THE TASK: Could you retype, exactly as written, every line from the top of the records through the line that contains "by (simp add: power2_norm_eq_inner"?

INFORMATION PROVIDED:
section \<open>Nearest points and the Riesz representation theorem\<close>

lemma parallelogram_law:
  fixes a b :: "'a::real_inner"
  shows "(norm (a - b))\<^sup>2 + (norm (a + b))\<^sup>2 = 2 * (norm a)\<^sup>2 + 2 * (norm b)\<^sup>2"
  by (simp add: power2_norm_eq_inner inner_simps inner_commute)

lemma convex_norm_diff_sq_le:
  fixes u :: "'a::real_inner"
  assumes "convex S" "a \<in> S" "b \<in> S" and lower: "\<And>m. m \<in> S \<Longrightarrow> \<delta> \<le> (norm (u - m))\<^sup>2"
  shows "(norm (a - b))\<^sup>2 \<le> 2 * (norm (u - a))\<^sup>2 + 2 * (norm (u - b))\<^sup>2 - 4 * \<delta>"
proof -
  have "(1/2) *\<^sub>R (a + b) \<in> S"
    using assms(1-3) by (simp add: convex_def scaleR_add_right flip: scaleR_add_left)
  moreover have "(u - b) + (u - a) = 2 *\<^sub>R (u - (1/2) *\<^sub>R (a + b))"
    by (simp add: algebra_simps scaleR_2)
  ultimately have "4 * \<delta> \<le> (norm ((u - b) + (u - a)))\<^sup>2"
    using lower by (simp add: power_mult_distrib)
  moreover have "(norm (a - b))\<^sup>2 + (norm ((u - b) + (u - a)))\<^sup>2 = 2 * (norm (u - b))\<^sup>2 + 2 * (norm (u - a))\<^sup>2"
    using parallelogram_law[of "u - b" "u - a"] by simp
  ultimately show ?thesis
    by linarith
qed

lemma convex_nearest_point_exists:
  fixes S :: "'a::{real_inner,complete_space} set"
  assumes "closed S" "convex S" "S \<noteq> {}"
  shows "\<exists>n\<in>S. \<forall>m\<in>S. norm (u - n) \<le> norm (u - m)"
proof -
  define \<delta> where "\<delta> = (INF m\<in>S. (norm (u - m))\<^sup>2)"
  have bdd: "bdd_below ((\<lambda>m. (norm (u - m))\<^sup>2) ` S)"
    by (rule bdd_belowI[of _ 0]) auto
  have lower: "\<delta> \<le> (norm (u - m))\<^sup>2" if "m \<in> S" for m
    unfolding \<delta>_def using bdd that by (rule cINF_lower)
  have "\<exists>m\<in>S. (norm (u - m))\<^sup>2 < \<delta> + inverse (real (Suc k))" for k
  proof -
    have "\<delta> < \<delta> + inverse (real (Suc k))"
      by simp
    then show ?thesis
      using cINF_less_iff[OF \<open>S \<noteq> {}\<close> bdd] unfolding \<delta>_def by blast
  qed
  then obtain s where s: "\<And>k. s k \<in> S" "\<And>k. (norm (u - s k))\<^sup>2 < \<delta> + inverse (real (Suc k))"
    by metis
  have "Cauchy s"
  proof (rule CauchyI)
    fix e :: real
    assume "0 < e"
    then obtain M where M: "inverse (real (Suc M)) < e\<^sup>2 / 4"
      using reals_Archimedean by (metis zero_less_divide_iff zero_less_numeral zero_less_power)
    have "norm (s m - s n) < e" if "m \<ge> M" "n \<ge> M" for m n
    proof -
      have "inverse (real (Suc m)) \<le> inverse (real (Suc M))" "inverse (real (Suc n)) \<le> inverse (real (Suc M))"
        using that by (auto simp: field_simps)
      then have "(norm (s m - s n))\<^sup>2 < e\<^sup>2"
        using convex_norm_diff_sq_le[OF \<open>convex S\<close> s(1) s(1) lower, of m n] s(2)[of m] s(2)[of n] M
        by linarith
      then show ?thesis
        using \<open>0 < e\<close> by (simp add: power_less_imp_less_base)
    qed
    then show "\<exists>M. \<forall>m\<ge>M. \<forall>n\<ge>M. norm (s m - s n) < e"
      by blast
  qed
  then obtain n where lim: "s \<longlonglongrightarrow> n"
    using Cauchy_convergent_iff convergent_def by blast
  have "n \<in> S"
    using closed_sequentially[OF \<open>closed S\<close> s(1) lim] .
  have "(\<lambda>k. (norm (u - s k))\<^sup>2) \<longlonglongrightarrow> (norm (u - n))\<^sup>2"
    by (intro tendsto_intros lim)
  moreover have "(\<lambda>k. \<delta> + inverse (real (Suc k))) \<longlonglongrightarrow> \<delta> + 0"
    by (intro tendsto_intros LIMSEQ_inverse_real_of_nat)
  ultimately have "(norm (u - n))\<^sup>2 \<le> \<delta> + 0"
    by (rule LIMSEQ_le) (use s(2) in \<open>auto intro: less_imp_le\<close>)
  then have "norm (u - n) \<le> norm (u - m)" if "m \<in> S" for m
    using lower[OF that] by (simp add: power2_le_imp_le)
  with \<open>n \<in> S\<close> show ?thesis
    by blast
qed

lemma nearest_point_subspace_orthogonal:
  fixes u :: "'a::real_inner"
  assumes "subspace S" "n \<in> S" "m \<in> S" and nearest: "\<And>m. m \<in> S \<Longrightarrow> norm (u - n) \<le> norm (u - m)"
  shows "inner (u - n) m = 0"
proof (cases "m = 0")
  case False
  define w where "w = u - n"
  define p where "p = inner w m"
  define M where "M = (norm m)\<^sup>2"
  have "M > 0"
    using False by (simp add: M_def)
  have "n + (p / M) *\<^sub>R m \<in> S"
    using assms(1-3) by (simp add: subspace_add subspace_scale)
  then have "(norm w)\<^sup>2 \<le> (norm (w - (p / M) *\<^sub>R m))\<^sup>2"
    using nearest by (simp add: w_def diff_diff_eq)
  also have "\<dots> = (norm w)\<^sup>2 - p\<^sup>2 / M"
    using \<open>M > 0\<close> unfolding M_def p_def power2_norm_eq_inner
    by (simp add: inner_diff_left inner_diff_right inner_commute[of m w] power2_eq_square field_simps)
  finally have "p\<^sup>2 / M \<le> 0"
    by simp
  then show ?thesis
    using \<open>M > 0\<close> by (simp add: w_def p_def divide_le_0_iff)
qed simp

RESPONSE BELOW:
section \<open>Nearest points and the Riesz representation theorem\<close>

lemma parallelogram_law:
  fixes a b :: "'a::real_inner"
  shows "(norm (a - b))\<^sup>2 + (norm (a + b))\<^sup>2 = 2 * (norm a)\<^sup>2 + 2 * (norm b)\<^sup>2"
  by (simp add: power2_norm_eq_inner inner_simps inner_commute)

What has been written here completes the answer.